What is "theory A"? :)
roughly corresponds to ICALP's tracks: https://easychair.org/cfp/ICALP-2020 (although I would call security etc. "Theory C")
I think "semantic" proofs can also be boring, let's say you're proving bisimulation with some super-fancy up-to relation without reference to a PL, can still have thousands of annoying uninsightful cases
@Alexander Gryzlov , If I'm not mistaken, the distinction dates back to the Handbook of Theoretical Computer Science which ships in two volumes:
The Handbook of Theoretical Computer Science provides professionals and students with a comprehensive overview of the main results and developments in this rapidly evolving field. Volume A covers models of computation, complexity theory, data structures, and efficient computation in many recognized subdisciplines of theoretical computer science. Volume B takes up the theory of automata and rewriting systems, the foundations of modern programming languages, and logics for program specification and verification, and presents several studies on the theoretic modeling of advanced information processing.
If someone has an older reference to this distinction (this is from 1994), I'd be happy to know.

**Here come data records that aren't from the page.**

(* Consider the model described in the context with fixed $N_\text{c}$ and $s$, and let the data rate $r$ vary over $(\lambda L,\infty)$; as $r$ decreases to $\lambda L$ the mean delay $\mathbb{E}\{D\}$ increases to $\infty$. Let $P_\text{o} = N_\text{c} P_\text{Bm} + \Delta_{P_\text{B}} c_0 s^{\beta-1} + P_\text{RF}$ and $P_\text{s} = P_\text{o} - P_\text{sleep} - 2\lambda E_\text{sw}$, and let $\Omega$ denote the principal branch of the Lambert W function. Then: (1) If \[ \lambda < \frac{P_\text{o} - P_\text{sleep}}{2E_\text{sw}} \quad\text{and}\quad L < \frac{W}{\lambda \ln 2}\left[\Omega\!\left(\frac{g\eta P_\text{s} - 1}{\mathrm{e}}\right) + 1\right], \] then there exists a unique rate $r_\text{e}^* \in (\lambda L,\infty)$ minimizing the average power consumption $\mathbb{E}\{P\}$, given by \[ r_\text{e}^* = \frac{W}{\ln 2}\left[\Omega\!\left(\frac{g\eta P_\text{s} - 1}{\mathrm{e}}\right) + 1\right]. \] (2) If this condition is not satisfied, then the average power consumption $\mathbb{E}\{P\}$ is monotonically decreasing in the average delay $\mathbb{E}\{D\}$ (equivalently, increasing in $r$ on $(\lambda L,\infty)$). (3) In both cases, as the average delay tends to infinity (i.e. $r \downarrow \lambda L$), the average power consumption tends to \[ P_\text{o} + \kappa \Delta_{P_\text{B}} s^{\beta-1}\lambda L + \frac{2^{\lambda L/W} - 1}{g\eta}. \]
   Context: A virtual base station (VBS) is modeled as an M/G/1 processor-sharing queue: flows arrive at rate $\lambda>0$, each with mean size $L>0$, and are served at total rate $r$ (bits/s) whenever the queue is nonempty; $r > \lambda L$, and the load is $\rho = \lambda L / r$. The mean queue length is $\mathbb{E}\{n\} = \lambda L/(r-\lambda L)$ and the mean delay is $\mathbb{E}\{D\} = \mathbb{E}\{n\}/\lambda = L/(r-\lambda L)$. The transmit power $P_\text{out}$ needed for rate $r$ is given by $r = W\log_2(1 + g P_\text{out})$, i.e. $P_\text{out} = (2^{r/W}-1)/g$, where $W>0$ is the bandwidth and $g>0$ the channel gain. When busy the VBS consumes $P_\text{B} + P_\text{R}$ with RRH power $P_\text{R} = P_\text{out}/\eta + P_\text{RF}$ ($\eta\in(0,1]$ the power amplifier efficiency, $P_\text{RF}\ge 0$) and BBU power $P_\text{B} = N_\text{c} P_\text{Bm} + \Delta_{P_\text{B}} c_0 s^{\beta-1} + \Delta_{P_\text{B}}\kappa r s^{\beta-1}$, where $N_\text{c}$ is the number of active CPU cores, $s>0$ the CPU speed, $P_\text{Bm}$ the minimum per-core power, $\Delta_{P_\text{B}} = (P_\text{BM}-P_\text{Bm})/s_0^\beta \ge 0$ with $P_\text{BM}$ the maximum per-core power and $s_0$ a reference speed, and $c_0,\kappa,\beta$ are nonnegative constants. When the queue is empty the VBS sleeps with power $P_\text{sleep}$, and each on/off switch costs energy $E_\text{sw} > 0$. With $\mathbb{E}\{T_\text{c}\} = 1/(\lambda(1-\rho))$ the mean length of a busy-plus-idle cycle, the average power is $\mathbb{E}\{P\} = \rho (P_\text{B} + P_\text{R}) + (1-\rho) P_\text{sleep} + 2E_\text{sw}/\mathbb{E}\{T_\text{c}\}$. *)

theory Defs
  imports Complex_Main
begin

text \<open>Principal branch of the Lambert W function: for x \<ge> -1/e, the unique
  w \<ge> -1 with w * exp w = x.\<close>
definition lambertW0 :: "real \<Rightarrow> real" where
  "lambertW0 x = (THE w. w \<ge> -1 \<and> w * exp w = x)"

definition P_out :: "real \<Rightarrow> real \<Rightarrow> real \<Rightarrow> real" where
  "P_out W g r = (2 powr (r / W) - 1) / g"

definition P_RRH :: "real \<Rightarrow> real \<Rightarrow> real \<Rightarrow> real \<Rightarrow> real \<Rightarrow> real" where
  "P_RRH W g \<eta> P_RF r = P_out W g r / \<eta> + P_RF"

definition Delta_PB :: "real \<Rightarrow> real \<Rightarrow> real \<Rightarrow> real \<Rightarrow> real" where
  "Delta_PB P_BM P_Bm s0 \<beta> = (P_BM - P_Bm) / (s0 powr \<beta>)"

definition P_BBU :: "nat \<Rightarrow> real \<Rightarrow> real \<Rightarrow> real \<Rightarrow> real \<Rightarrow> real \<Rightarrow> real \<Rightarrow> real \<Rightarrow> real" where
  "P_BBU Nc P_Bm \<Delta> c0 \<kappa> s \<beta> r =
     real Nc * P_Bm + \<Delta> * c0 * s powr (\<beta> - 1) + \<Delta> * \<kappa> * r * s powr (\<beta> - 1)"

definition mean_delay :: "real \<Rightarrow> real \<Rightarrow> real \<Rightarrow> real" where
  "mean_delay lam L r = L / (r - lam * L)"

definition avg_power ::
  "real \<Rightarrow> real \<Rightarrow> real \<Rightarrow> real \<Rightarrow> real \<Rightarrow> real \<Rightarrow> nat \<Rightarrow> real \<Rightarrow> real \<Rightarrow> real \<Rightarrow> real \<Rightarrow> real
   \<Rightarrow> real \<Rightarrow> real \<Rightarrow> real \<Rightarrow> real \<Rightarrow> real" where
  "avg_power lam L W g \<eta> P_RF Nc P_Bm \<Delta> c0 \<kappa> s \<beta> P_sleep E_sw r =
     (let \<rho> = lam * L / r; ETc = 1 / (lam * (1 - \<rho>)) in
      \<rho> * (P_BBU Nc P_Bm \<Delta> c0 \<kappa> s \<beta> r + P_RRH W g \<eta> P_RF r)
      + (1 - \<rho>) * P_sleep + 2 * E_sw / ETc)"

end

theory Submission imports Defs begin

text \<open>Up to an additive constant and a positive factor, the average power is
  \<open>h r = (a + exp (c r)) / r\<close> with \<open>c = ln 2 / W\<close> and \<open>a = g \<eta> P_s - 1\<close>.
  Its derivative has the sign of \<open>(c r - 1) exp (c r) - a\<close>, which is strictly increasing
  in \<open>r > 0\<close>. It has a positive zero, namely \<open>r\<^sub>e\<^sup>*\<close>, exactly when \<open>a > -1\<close>, i.e.
  \<open>P_s > 0\<close>, which makes \<open>r\<^sub>e\<^sup>*\<close> the unique minimiser of \<open>h\<close> on \<open>(0, \<infinity>)\<close>; if there is no such zero
  beyond \<open>\<lambda> L\<close>, then \<open>h\<close> is strictly increasing on \<open>(\<lambda> L, \<infinity>)\<close>. The limit at \<open>\<lambda> L\<close>
  is just continuity of \<open>h\<close> there.\<close>

definition lambertW_shift :: "real \<Rightarrow> real" where
  "lambertW_shift x = (x - 1) * exp x"

definition exp_ratio :: "real \<Rightarrow> real \<Rightarrow> real \<Rightarrow> real" where
  "exp_ratio a c r = (a + exp (c * r)) / r"

lemma lambertW_shift_0 [simp]: "lambertW_shift 0 = -1"
  by (simp add: lambertW_shift_def)

lemma lambertW_shift_strict_mono:
  assumes "0 \<le> x" "x < y"
  shows "lambertW_shift x < lambertW_shift y"
proof (rule DERIV_pos_imp_increasing_open[OF \<open>x < y\<close>])
  fix z assume "x < z" "z < y"
  then show "\<exists>d. DERIV lambertW_shift z :> d \<and> d > 0"
    using \<open>0 \<le> x\<close> unfolding lambertW_shift_def
    by (intro exI conjI derivative_eq_intros refl) (auto simp: algebra_simps)
qed (auto simp: lambertW_shift_def intro!: continuous_intros)

lemma lambertW_shift_mono:
  assumes "0 \<le> x" "x \<le> y"
  shows "lambertW_shift x \<le> lambertW_shift y"
  using lambertW_shift_strict_mono[of x y] assms by (cases "x = y") auto

lemma lambertW_shift_surj:
  assumes "a > -1"
  obtains x where "x > 0" "lambertW_shift x = a"
proof -
  have "a + 1 \<le> lambertW_shift (a + 2)"
    using assms by (simp add: lambertW_shift_def add.commute)
  moreover have "isCont lambertW_shift x" for x
    unfolding lambertW_shift_def by (intro continuous_intros)
  ultimately obtain x where "0 \<le> x" "x \<le> a + 2" "lambertW_shift x = a"
    using IVT[of lambertW_shift 0 a "a + 2"] assms by auto
  moreover have "x \<noteq> 0"
    using \<open>lambertW_shift x = a\<close> assms by auto
  ultimately show ?thesis
    using that by force
qed

text \<open>\<open>w exp w = a / e\<close> is \<open>lambertW_shift (w + 1) = a\<close>, so \<open>lambertW0 (a / e) + 1\<close> is the
  positive root of \<open>lambertW_shift x = a\<close>.\<close>
lemma lambertW0_shift:
  assumes "a > -1"
  shows "lambertW0 (a / exp 1) + 1 > 0" "lambertW_shift (lambertW0 (a / exp 1) + 1) = a"
proof -
  have shift: "w * exp w = a / exp 1 \<longleftrightarrow> lambertW_shift (w + 1) = a" for w
    by (simp add: lambertW_shift_def exp_add field_simps)
  obtain x where x: "x > 0" "lambertW_shift x = a"
    using lambertW_shift_surj[OF assms] .
  have "w = x - 1" if "w \<ge> -1" "w * exp w = a / exp 1" for w
    using that x shift lambertW_shift_strict_mono[of "w + 1" x] lambertW_shift_strict_mono[of x "w + 1"]
    by (cases "w + 1 < x" "x < w + 1" rule: bool.exhaust[case_product bool.exhaust]) auto
  then have "lambertW0 (a / exp 1) = x - 1"
    unfolding lambertW0_def using x shift[of "x - 1"] by (intro the_equality) auto
  then show "lambertW0 (a / exp 1) + 1 > 0" "lambertW_shift (lambertW0 (a / exp 1) + 1) = a"
    using x by simp_all
qed

lemma lambertW0_shift_le:
  assumes "0 \<le> x" "a \<le> -1 \<or> lambertW0 (a / exp 1) + 1 \<le> x"
  shows "a \<le> lambertW_shift x"
proof (cases "a \<le> -1")
  case True
  then show ?thesis
    using lambertW_shift_mono[of 0 x] \<open>0 \<le> x\<close> by simp
next
  case False
  then show ?thesis
    using assms lambertW0_shift[of a] lambertW_shift_mono[of "lambertW0 (a / exp 1) + 1" x] by simp
qed

lemma exp_ratio_deriv:
  assumes "r \<noteq> 0"
  shows "(exp_ratio a c has_real_derivative (lambertW_shift (c * r) - a) / r\<^sup>2) (at r)"
proof -
  have "(exp_ratio a c has_real_derivative (c * exp (c * r) * r - (a + exp (c * r))) / (r * r)) (at r)"
    unfolding exp_ratio_def using assms by (auto intro!: derivative_eq_intros)
  then show ?thesis
    by (simp add: lambertW_shift_def power2_eq_square algebra_simps)
qed

lemma continuous_on_exp_ratio: "0 \<notin> S \<Longrightarrow> continuous_on S (exp_ratio a c)"
  unfolding exp_ratio_def by (intro continuous_intros) auto

lemma exp_ratio_strict_mono:
  assumes "c > 0" "0 < r1" "r1 < r2" "a \<le> lambertW_shift (c * r1)"
  shows "exp_ratio a c r1 < exp_ratio a c r2"
proof (rule DERIV_pos_imp_increasing_open[OF \<open>r1 < r2\<close>])
  fix z assume "r1 < z" "z < r2"
  then have "a < lambertW_shift (c * z)"
    using assms lambertW_shift_strict_mono[of "c * r1" "c * z"] by simp
  then show "\<exists>d. DERIV (exp_ratio a c) z :> d \<and> d > 0"
    using exp_ratio_deriv[of z a c] \<open>r1 < z\<close> \<open>0 < r1\<close> by auto
qed (use assms in \<open>auto intro: continuous_on_exp_ratio\<close>)

lemma exp_ratio_strict_antimono:
  assumes "c > 0" "0 < r1" "r1 < r2" "lambertW_shift (c * r2) \<le> a"
  shows "exp_ratio a c r2 < exp_ratio a c r1"
proof (rule DERIV_neg_imp_decreasing_open[OF \<open>r1 < r2\<close>])
  fix z assume "r1 < z" "z < r2"
  then have "lambertW_shift (c * z) < a"
    using assms lambertW_shift_strict_mono[of "c * z" "c * r2"] by simp
  then show "\<exists>d. DERIV (exp_ratio a c) z :> d \<and> d < 0"
    using exp_ratio_deriv[of z a c] \<open>r1 < z\<close> \<open>0 < r1\<close> by (auto simp: divide_neg_pos)
qed (use assms in \<open>auto intro: continuous_on_exp_ratio\<close>)

lemma exp_ratio_strict_min:
  assumes "c > 0" "0 < x" "lambertW_shift (c * x) = a" "0 < r" "r \<noteq> x"
  shows "exp_ratio a c x < exp_ratio a c r"
  using assms exp_ratio_strict_mono[of c x r a] exp_ratio_strict_antimono[of c r x a]
  by (cases "r < x") auto

lemma avg_power_eq_exp_ratio:
  assumes "r \<noteq> 0" "g \<noteq> 0" "\<eta> \<noteq> 0" "W \<noteq> 0"
  shows "avg_power lam L W g \<eta> P_RF Nc P_Bm \<Delta> c0 \<kappa> s \<beta> P_sleep E_sw r =
    P_sleep + 2 * lam * E_sw + \<kappa> * \<Delta> * s powr (\<beta> - 1) * lam * L
    + lam * L / (g * \<eta>) * exp_ratio
        (g * \<eta> * (real Nc * P_Bm + \<Delta> * c0 * s powr (\<beta> - 1) + P_RF - P_sleep - 2 * lam * E_sw) - 1)
        (ln 2 / W) r"
  using assms
  by (simp add: avg_power_def Let_def P_BBU_def P_RRH_def P_out_def exp_ratio_def powr_def
      field_simps)
(* Let $\mu$ be a self-similar measure on $\mathbb{R}^2$ with respect to an IFS $\Phi$ of contracting similarities whose attractor is not contained in an affine line. \begin{enumerate} \item If either $|G_\Phi|\ge 5$ or $|G_\Phi\cap SO(\mathbb{R}^2)|>2$, then $\mu$ does not admit a $1$-slicing. \item If $\Phi$ satisfies the strong separation condition, then $\mu$ does not admit a $1$-slicing. \end{enumerate}
   Context: An IFS $\Phi=\{\phi_i\}_{i=1}^l$ ($l\ge 2$) consists of contracting similarities $\phi_i(z)=\alpha_iO_iz+t_i$ with $0<\alpha_i<1$, $O_i\in O(\mathbb{R}^2)$; its attractor $F$ is the unique nonempty compact set with $F=\bigcup_i\phi_i(F)$. $G_\Phi\le O(\mathbb{R}^2)$ is the group generated by $O_1,\dots,O_l$. The strong separation condition (SSC) means $\phi_i(F)\cap\phi_j(F)=\emptyset$ for $i\ne j$. A self-similar measure for $\Phi$ is the unique Borel probability measure with $\mu=\sum_i p_i\,\phi_i\mu$ for a probability vector $(p_1,\dots,p_l)$ with all $p_i>0$. For a line $V\in G(2,1)$ through the origin, $P_{V^\perp}$ denotes orthogonal projection onto $V^\perp$. $\mu$ admits a $1$-slicing if there is $V\in G(2,1)$ such that (a) $O_i(V)=V$ for every $i$, and (b) the conditional measures of $\mu$ on translates of $V$, obtained by disintegrating $\mu$ with respect to $P_{V^\perp}$, are $P_{V^\perp}\mu$-almost surely exact dimensional of dimension $1$. Otherwise $\mu$ does not admit a $1$-slicing. *)

theory Defs
  imports "HOL-Probability.Probability"
begin
(* Let $p \geq 2$, let $\Omega \subset \mathbb{R}^d$ be open, and let $f: \Omega \to \mathbb{R}$ be a non-negative function of class $C^p$ with zero set $\mathcal{Z}$. The following statements are equivalent: (i) for all $x_0 \in \mathcal{Z}$, $f$ satisfies the normal Hessian condition at $x_0$; (ii) $\mathcal{Z}$ is a (not necessarily connected) sub-manifold of $\mathbb{R}^d$ of class $C^1$ and $f$ is positive normally to $\mathcal{Z}$; (iii) $\mathcal{Z}$ is a (not necessarily connected) sub-manifold of $\mathbb{R}^d$ of class $C^{p-1}$ and $f$ is positive normally to $\mathcal{Z}$.
   Context: A subset $N \subset \mathbb{R}^d$ is a sub-manifold of $\mathbb{R}^d$ of class $C^k$ ($k \geq 1$) if for every $x \in N$ there is an integer $d_x$, an open neighborhood $U$ of $0$ in $\mathbb{R}^{d_x}$, an open set $V \subset \mathbb{R}^d$ and a $C^k$ map $\phi: U \to \mathbb{R}^d$ with $\phi(0)=x$, $\phi(U) = N \cap V$, $\phi: U \to \phi(U)$ a homeomorphism, and $d\phi(0)$ injective; $d_x$ is the (local) dimension of $N$ at $x$ and $T_xN = d\phi(0)(\mathbb{R}^{d_x})$. Normal Hessian condition at $x_0 \in \mathcal{Z}$: there exist $0 \le d_0 \le d$ and a sub-manifold $N$ of class $C^k$, $k\ge 1$, of dimension $d_0$ with $x_0 \in N \subset \mathcal{Z}$ such that $\nabla^2 f(x_0)$ has rank $d-d_0$. For a sub-manifold $N \subset \Omega$ of class $C^k$, $k\ge 1$, $f$ is positive normally to $N$ if (a) $df(x) = 0$ for all $x \in N$, and (b) for every $x_0 \in N$, with $d_0$ the local dimension of $N$ at $x_0$, there exists a linear subspace $S \subset \mathbb{R}^d$ of dimension $d-d_0$ such that the restriction $d^2 f(x_0)|_S$ is positive definite. *)

theory Defs
  imports "HOL-Analysis.Analysis"
begin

one distinction in practice seems to be that theory A researchers call what they do "Theoretical Computer Science", but they are not keen to extend this label to theory B (whose researchers in my experience don't insist on or mention much the TCS label). Hence, I recall seeing TCS Stack Exchange moderation removing uses of "interactive proof" for proof assistant topics, since that term is reserved (so the user claimed) for Arthur-Merlin games and the like
Interesting, though I'd have probably placed automata in the complexity camp too
this is a funny perspective on Theory B from a Theory A researcher, very apt title: https://blog.computationalcomplexity.org/2009/03/lets-congradulate-gerard-huet-who.html --- comments are also quite fun I think
This also reminds me of the "Three tribes of programming" article (https://josephg.com/blog/3-tribes/).
I did my PhD in the middle of the creation of the IRIF laboratory, which was the merge of a theory A lab (LIAFA) and a theory B lab (PPS)
there was a clear border materialized by a stair, LIAFA being on the 4th floor and PPS on the 3rd
you could feel the physical border when walking up the stairs :nuclear:
@Karl Palmskog maybe I misspoke, but with “semantics” I wasn’t thinking of bisimulation (or much about operational semantics), but rather denotational semantics or typical logical relations (even ones built on operational semantics), including realizability/saturated sets/parametricity/
@Pierre-Marie Pédrot It feels much more integrated nowadays. Even if the PPS spirit remains there.